(YOUR OBJECTIVE): Extract the line that contains "then obtain u" and every line after it to the end of the records below, exactly as written and nothing else.

(TASK MATERIAL):

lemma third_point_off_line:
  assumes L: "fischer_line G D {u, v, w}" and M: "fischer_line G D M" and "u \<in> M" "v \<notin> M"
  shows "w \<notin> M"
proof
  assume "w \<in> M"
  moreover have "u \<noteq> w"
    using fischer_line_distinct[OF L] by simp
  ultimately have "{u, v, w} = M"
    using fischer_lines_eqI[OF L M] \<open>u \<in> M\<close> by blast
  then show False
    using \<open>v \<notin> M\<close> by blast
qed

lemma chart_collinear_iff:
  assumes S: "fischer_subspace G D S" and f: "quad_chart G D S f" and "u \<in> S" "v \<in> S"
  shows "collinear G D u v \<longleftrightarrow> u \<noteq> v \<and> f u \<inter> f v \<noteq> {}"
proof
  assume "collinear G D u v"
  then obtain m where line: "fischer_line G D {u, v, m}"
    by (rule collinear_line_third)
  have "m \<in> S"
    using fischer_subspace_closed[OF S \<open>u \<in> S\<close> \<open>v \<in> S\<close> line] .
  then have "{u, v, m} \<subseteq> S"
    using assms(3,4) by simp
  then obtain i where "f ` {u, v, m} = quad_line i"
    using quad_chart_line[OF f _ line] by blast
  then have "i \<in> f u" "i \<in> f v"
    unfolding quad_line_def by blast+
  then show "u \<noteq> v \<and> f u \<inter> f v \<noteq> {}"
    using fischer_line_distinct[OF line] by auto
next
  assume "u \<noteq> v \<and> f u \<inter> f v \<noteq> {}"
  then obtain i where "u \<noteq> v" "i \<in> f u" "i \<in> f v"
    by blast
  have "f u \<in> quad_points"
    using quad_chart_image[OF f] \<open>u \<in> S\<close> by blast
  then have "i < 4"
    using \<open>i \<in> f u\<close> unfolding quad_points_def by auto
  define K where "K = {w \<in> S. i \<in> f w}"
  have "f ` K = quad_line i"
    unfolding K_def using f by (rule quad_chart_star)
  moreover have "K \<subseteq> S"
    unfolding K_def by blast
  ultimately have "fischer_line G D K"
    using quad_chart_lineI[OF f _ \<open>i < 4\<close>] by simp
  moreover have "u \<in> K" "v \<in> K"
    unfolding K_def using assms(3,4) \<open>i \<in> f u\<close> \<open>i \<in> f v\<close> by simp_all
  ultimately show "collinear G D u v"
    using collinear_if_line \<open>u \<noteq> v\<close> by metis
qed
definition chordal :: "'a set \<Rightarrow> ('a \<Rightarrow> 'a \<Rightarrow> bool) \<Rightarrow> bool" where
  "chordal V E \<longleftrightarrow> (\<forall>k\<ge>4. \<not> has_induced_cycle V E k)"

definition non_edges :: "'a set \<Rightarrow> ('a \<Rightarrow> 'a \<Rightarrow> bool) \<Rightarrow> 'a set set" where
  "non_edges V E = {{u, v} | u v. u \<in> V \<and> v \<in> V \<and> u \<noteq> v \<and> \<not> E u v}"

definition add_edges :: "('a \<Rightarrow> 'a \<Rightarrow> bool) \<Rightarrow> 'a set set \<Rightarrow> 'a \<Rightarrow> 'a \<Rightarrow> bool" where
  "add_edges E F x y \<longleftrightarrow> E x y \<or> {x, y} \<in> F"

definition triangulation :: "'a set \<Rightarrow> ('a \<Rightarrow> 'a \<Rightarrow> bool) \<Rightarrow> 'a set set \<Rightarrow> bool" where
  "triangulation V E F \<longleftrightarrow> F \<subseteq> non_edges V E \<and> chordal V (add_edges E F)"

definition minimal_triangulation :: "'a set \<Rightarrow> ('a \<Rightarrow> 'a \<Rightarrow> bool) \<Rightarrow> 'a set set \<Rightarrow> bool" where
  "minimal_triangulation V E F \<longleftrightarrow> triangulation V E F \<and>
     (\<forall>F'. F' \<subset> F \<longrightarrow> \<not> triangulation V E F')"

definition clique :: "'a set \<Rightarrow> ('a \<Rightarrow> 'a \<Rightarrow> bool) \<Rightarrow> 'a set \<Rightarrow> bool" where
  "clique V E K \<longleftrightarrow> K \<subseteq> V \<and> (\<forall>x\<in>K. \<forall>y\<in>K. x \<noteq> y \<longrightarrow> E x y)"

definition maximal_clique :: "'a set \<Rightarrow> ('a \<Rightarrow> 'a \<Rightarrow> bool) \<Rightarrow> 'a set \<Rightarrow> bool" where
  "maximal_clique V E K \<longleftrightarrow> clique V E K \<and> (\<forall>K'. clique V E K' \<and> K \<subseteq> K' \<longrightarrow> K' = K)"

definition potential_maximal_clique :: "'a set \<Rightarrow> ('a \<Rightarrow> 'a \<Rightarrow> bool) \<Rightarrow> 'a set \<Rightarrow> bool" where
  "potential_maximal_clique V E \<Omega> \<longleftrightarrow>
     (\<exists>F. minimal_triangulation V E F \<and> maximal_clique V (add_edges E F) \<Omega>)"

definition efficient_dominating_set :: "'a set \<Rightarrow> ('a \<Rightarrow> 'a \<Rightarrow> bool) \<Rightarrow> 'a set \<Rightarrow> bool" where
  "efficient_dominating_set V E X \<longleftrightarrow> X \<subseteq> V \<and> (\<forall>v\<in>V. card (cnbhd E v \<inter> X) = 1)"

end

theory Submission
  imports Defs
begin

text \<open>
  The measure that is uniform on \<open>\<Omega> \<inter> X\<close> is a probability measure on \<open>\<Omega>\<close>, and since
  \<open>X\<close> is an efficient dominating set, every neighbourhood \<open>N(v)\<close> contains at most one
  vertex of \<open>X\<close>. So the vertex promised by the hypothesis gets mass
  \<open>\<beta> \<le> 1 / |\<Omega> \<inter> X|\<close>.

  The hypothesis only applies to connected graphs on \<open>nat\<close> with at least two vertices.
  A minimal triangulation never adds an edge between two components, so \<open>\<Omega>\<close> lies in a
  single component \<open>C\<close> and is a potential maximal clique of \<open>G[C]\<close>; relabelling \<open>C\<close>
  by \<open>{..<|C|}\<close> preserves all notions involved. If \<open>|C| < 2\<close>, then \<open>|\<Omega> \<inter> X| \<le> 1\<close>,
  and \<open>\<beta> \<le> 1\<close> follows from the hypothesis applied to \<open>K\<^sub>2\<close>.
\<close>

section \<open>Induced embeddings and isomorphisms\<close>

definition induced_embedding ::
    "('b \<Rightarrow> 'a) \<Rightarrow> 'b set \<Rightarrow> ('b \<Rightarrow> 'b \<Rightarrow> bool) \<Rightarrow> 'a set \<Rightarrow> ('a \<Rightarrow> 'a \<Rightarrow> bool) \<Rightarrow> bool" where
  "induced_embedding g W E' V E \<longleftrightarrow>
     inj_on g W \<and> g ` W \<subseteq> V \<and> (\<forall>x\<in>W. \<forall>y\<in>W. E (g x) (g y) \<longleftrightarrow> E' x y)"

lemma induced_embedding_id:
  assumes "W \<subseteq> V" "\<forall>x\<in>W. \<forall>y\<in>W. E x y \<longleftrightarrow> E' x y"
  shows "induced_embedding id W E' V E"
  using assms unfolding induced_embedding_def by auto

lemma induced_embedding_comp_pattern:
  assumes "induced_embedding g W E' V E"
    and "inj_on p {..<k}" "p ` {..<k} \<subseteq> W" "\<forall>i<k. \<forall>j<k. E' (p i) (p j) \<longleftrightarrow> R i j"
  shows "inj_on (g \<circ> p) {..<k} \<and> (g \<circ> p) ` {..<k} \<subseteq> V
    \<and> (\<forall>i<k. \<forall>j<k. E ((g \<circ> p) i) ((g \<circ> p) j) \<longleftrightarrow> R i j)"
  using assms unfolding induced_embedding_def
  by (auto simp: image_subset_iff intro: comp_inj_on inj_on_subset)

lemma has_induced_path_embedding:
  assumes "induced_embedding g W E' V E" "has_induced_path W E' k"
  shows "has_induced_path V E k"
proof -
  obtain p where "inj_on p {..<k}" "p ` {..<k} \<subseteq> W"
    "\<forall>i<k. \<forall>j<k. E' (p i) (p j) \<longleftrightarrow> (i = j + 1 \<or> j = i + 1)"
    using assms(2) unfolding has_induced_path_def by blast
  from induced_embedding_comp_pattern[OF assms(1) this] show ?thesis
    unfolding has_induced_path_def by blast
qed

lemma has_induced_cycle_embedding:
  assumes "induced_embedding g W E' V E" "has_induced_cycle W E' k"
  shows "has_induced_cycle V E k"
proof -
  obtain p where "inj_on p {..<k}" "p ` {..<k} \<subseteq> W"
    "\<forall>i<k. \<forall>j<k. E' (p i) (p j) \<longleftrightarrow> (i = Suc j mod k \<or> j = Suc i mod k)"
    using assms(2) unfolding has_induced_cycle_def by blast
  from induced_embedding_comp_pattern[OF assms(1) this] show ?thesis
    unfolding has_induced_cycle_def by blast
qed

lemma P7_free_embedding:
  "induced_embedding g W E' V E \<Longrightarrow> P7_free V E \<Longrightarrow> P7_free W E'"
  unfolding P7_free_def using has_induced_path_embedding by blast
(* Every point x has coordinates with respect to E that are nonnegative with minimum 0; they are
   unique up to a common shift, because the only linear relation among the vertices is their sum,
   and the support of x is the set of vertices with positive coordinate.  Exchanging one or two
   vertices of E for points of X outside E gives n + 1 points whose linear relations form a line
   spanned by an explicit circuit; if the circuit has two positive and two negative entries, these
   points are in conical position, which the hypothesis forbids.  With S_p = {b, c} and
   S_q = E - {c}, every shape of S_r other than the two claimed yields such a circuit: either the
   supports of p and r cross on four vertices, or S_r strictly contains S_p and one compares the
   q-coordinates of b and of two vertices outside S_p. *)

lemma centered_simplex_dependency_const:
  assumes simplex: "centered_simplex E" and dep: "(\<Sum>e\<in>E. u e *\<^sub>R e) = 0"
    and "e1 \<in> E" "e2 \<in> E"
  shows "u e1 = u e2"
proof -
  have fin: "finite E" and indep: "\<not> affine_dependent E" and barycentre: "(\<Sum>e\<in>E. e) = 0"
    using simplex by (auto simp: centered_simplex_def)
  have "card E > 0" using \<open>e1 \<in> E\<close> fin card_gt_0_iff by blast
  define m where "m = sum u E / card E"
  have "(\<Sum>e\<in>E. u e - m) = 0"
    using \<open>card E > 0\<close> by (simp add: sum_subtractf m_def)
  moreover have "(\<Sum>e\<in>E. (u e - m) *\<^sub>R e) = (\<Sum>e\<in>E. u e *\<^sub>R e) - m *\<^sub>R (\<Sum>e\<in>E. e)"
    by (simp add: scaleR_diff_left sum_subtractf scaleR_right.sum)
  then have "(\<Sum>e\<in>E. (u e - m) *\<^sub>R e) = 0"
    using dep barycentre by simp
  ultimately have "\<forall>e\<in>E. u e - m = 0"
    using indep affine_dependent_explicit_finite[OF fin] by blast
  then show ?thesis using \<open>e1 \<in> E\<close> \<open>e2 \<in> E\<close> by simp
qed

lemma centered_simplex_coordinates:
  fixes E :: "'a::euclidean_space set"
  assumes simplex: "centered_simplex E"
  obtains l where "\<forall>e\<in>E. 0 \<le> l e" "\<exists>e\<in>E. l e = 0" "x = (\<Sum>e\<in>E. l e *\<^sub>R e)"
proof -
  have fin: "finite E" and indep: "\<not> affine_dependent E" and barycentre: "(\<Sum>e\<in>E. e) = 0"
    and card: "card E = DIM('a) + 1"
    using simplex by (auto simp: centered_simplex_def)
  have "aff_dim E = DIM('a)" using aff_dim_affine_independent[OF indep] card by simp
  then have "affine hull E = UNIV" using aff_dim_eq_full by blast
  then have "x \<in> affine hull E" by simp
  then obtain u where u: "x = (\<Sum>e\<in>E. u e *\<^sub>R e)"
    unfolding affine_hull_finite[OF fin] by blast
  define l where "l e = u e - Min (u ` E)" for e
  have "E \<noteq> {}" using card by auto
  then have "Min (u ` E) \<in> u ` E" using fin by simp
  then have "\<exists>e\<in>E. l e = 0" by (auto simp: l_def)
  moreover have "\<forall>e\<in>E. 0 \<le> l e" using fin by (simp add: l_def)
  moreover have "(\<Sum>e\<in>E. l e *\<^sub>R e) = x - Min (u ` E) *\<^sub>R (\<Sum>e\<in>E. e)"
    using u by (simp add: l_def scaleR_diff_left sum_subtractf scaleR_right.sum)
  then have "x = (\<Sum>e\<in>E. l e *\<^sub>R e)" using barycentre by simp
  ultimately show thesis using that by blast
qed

(EXERCISE OUTPUT):
  then obtain u where u: "x = (\<Sum>e\<in>E. u e *\<^sub>R e)"
    unfolding affine_hull_finite[OF fin] by blast
  define l where "l e = u e - Min (u ` E)" for e
  have "E \<noteq> {}" using card by auto
  then have "Min (u ` E) \<in> u ` E" using fin by simp
  then have "\<exists>e\<in>E. l e = 0" by (auto simp: l_def)
  moreover have "\<forall>e\<in>E. 0 \<le> l e" using fin by (simp add: l_def)
  moreover have "(\<Sum>e\<in>E. l e *\<^sub>R e) = x - Min (u ` E) *\<^sub>R (\<Sum>e\<in>E. e)"
    using u by (simp add: l_def scaleR_diff_left sum_subtractf scaleR_right.sum)
  then have "x = (\<Sum>e\<in>E. l e *\<^sub>R e)" using barycentre by simp
  ultimately show thesis using that by blast
qed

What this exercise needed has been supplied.